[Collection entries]
☆ ☆ ☆ ☆ ☆ ☆ ☆
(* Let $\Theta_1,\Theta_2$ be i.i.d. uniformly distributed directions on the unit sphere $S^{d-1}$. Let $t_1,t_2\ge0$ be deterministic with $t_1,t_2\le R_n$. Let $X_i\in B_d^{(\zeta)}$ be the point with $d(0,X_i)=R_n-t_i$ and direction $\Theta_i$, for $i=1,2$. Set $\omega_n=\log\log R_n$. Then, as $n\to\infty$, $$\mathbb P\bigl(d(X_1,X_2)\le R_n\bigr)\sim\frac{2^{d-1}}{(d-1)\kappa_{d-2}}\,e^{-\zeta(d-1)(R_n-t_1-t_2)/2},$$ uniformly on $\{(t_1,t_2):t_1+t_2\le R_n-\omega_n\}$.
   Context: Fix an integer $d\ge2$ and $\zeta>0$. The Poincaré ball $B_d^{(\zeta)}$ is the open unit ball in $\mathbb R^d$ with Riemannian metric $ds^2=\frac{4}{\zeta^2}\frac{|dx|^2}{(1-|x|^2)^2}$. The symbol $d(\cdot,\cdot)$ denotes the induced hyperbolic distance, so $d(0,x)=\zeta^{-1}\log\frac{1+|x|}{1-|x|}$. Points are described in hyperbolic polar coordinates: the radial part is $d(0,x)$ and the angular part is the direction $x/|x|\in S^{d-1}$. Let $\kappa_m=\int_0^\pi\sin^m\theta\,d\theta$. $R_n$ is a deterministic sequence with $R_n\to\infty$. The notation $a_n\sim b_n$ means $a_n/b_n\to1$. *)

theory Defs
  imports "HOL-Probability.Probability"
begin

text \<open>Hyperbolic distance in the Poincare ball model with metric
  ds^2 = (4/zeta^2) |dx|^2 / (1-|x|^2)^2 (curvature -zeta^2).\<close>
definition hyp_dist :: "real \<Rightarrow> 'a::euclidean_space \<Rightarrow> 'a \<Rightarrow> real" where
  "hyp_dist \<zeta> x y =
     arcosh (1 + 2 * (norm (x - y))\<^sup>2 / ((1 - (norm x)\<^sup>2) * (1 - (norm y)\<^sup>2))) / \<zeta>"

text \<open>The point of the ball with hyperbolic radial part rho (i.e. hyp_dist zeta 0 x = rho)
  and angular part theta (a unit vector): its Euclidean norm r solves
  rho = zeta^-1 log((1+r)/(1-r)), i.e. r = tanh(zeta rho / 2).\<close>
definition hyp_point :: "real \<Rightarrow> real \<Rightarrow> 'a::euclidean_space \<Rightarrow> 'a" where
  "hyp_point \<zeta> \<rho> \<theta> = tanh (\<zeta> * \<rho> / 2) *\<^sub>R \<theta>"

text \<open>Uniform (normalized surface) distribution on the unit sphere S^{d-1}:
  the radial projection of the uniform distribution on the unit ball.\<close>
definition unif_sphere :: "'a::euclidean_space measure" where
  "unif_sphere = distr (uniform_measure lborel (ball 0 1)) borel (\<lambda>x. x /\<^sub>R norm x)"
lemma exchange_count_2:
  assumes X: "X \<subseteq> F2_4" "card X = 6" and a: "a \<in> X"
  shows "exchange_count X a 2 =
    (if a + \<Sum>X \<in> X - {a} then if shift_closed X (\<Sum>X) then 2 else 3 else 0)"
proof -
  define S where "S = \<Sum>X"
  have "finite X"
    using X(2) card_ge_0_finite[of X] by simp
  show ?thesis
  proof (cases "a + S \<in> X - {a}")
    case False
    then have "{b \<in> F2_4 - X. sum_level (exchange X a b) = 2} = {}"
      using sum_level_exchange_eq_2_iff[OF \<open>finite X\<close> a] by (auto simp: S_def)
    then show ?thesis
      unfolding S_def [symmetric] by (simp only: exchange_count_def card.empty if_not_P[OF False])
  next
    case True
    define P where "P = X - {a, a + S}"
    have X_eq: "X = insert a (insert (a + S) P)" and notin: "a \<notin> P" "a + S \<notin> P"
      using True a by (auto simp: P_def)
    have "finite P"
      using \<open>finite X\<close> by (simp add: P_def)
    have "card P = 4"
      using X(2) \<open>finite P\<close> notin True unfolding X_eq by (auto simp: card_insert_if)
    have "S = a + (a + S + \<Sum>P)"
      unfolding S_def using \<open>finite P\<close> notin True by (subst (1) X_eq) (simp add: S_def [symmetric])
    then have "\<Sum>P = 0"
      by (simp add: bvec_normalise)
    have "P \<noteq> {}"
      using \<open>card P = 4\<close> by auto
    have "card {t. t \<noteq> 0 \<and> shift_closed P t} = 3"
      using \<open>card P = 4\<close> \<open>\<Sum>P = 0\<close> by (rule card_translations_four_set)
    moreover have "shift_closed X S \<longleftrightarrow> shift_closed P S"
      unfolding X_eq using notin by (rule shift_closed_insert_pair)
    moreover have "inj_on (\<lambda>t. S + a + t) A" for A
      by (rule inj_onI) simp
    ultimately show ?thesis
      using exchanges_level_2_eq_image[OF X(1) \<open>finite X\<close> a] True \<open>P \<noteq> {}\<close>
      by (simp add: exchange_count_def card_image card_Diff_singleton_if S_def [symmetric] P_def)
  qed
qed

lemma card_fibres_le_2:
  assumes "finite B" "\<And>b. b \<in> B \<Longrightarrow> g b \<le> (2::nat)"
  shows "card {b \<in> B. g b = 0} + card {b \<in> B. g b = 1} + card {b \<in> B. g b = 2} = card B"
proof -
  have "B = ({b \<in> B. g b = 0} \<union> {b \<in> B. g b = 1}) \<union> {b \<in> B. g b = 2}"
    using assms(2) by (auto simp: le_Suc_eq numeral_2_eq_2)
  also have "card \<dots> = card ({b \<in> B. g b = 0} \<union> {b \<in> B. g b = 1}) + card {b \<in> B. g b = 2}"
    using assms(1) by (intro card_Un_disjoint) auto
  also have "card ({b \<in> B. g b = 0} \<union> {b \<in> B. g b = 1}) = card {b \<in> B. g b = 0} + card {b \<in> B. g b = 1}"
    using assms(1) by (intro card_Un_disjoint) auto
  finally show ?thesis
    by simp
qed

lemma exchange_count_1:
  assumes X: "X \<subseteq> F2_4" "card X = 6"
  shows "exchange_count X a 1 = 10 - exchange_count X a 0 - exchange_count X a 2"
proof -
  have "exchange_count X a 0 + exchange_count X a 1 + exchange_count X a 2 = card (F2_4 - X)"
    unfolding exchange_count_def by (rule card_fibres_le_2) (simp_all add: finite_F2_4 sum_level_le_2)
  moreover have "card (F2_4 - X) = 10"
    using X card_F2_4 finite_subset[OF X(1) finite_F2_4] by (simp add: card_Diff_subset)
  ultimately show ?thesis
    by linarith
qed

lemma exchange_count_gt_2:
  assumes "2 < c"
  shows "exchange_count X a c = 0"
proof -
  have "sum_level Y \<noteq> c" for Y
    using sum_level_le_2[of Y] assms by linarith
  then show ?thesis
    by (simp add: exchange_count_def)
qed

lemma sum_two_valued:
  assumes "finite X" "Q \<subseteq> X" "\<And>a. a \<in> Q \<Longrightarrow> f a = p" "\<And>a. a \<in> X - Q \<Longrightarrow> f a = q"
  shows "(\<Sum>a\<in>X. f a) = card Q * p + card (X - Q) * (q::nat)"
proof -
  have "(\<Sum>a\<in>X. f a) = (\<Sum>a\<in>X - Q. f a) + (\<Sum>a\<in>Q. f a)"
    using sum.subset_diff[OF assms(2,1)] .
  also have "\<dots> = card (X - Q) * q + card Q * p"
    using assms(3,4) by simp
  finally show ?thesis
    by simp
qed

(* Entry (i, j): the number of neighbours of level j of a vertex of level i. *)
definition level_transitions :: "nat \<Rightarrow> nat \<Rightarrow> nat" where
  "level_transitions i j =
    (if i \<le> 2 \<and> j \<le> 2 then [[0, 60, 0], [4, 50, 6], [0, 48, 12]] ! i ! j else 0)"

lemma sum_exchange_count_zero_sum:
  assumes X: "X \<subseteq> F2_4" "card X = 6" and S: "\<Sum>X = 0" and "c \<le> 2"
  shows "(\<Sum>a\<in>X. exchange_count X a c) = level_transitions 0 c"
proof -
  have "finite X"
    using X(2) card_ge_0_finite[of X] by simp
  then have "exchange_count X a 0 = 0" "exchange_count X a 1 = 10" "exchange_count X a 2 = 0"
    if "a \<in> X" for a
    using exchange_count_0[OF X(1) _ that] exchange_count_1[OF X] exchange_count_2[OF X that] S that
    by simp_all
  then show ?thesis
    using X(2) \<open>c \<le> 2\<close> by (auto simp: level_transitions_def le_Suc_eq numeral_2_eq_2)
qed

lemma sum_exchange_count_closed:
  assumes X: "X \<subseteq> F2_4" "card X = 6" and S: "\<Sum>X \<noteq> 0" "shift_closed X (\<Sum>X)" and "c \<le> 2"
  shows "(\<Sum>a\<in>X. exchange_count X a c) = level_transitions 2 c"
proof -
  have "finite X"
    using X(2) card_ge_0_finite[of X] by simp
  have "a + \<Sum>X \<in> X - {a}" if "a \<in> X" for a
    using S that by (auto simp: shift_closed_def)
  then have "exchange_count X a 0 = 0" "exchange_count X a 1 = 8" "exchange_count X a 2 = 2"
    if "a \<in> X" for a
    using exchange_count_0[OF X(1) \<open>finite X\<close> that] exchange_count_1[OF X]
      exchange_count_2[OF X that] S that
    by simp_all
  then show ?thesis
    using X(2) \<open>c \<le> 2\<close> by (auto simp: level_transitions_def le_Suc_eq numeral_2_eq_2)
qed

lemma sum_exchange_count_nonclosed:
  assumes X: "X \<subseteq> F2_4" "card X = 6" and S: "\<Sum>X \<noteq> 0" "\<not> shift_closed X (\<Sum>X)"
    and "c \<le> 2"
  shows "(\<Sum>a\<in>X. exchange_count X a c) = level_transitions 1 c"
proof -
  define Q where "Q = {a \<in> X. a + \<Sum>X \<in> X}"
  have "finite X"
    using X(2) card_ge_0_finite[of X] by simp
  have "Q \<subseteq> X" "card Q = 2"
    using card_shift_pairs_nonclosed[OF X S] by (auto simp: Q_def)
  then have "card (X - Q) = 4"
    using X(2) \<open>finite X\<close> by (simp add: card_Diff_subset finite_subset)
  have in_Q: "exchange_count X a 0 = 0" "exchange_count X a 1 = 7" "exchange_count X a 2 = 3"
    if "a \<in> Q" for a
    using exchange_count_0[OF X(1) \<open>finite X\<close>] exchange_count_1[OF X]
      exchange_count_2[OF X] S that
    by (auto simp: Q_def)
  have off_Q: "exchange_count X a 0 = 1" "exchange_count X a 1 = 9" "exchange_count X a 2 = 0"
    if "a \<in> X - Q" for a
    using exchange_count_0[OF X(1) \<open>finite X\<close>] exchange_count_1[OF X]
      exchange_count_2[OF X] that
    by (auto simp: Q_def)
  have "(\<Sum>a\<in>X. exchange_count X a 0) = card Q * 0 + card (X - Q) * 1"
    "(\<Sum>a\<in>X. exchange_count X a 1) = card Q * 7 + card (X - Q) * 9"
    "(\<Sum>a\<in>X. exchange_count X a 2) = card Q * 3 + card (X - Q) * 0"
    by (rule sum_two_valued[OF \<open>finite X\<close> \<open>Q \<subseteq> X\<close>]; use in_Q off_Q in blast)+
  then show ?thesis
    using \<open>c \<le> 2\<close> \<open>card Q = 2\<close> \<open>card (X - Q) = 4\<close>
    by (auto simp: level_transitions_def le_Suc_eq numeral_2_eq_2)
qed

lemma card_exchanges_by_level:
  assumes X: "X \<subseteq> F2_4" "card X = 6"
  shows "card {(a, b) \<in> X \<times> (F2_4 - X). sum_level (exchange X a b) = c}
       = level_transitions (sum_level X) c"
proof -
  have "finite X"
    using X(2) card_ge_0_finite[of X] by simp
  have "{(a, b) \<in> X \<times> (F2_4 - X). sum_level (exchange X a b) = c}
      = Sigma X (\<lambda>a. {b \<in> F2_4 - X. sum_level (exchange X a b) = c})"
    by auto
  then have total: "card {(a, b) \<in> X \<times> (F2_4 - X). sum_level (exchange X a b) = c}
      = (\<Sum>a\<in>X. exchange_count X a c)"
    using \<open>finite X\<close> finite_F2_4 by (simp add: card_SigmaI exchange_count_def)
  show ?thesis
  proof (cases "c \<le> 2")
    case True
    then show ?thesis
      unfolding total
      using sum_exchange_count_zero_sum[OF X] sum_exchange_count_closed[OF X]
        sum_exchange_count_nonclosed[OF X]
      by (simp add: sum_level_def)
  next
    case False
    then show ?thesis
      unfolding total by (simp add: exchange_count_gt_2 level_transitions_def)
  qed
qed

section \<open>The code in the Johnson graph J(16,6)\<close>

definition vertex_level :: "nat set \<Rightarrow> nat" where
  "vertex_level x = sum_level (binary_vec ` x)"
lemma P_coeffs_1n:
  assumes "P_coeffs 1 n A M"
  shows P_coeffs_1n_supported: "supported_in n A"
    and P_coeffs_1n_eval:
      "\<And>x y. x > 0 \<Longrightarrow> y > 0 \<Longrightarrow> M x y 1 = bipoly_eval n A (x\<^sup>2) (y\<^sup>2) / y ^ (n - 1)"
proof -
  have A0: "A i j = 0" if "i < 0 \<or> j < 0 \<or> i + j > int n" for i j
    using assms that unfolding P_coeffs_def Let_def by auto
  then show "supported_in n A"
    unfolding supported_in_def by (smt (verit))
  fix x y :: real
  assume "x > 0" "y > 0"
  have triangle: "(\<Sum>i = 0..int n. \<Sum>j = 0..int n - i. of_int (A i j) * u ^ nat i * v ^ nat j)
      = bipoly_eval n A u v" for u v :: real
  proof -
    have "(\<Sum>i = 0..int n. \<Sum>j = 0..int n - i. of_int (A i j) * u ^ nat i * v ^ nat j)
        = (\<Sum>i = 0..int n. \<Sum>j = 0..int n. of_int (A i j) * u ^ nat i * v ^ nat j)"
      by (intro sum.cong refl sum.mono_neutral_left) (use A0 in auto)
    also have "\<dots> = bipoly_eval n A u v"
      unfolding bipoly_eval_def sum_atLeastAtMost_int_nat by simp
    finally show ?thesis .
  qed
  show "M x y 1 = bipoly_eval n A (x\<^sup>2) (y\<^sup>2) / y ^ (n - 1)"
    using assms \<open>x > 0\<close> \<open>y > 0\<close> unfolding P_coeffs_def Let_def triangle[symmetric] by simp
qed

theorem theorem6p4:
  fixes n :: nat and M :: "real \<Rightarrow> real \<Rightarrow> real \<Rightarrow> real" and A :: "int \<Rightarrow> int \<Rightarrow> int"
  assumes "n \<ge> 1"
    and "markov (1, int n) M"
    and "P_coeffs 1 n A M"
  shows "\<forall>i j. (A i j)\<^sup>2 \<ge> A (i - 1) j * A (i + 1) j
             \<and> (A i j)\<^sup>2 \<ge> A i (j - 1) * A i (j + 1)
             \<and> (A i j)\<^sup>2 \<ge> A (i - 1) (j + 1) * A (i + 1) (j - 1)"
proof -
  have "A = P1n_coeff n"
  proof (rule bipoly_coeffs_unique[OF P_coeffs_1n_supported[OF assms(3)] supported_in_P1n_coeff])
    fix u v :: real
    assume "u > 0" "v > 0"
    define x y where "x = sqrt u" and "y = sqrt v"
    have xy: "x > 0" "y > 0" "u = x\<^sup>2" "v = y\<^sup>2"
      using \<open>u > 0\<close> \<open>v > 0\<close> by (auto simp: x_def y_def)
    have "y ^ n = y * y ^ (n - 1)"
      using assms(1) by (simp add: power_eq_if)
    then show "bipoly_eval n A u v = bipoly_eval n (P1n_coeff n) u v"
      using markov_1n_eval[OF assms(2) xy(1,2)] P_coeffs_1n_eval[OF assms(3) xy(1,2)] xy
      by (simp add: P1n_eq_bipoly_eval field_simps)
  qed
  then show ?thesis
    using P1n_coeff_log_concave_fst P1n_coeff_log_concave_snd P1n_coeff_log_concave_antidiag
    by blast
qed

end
☆ ☆ ☆ ☆ ☆ ☆ ☆
WHAT TO WORK ON: Within the entries above, find the string "times" and return each line that holds it.

SOLUTION TO THIS PROBLEM:
  shows "card {(a, b) \<in> X \<times> (F2_4 - X). sum_level (exchange X a b) = c}
  have "{(a, b) \<in> X \<times> (F2_4 - X). sum_level (exchange X a b) = c}
  then have total: "card {(a, b) \<in> X \<times> (F2_4 - X). sum_level (exchange X a b) = c}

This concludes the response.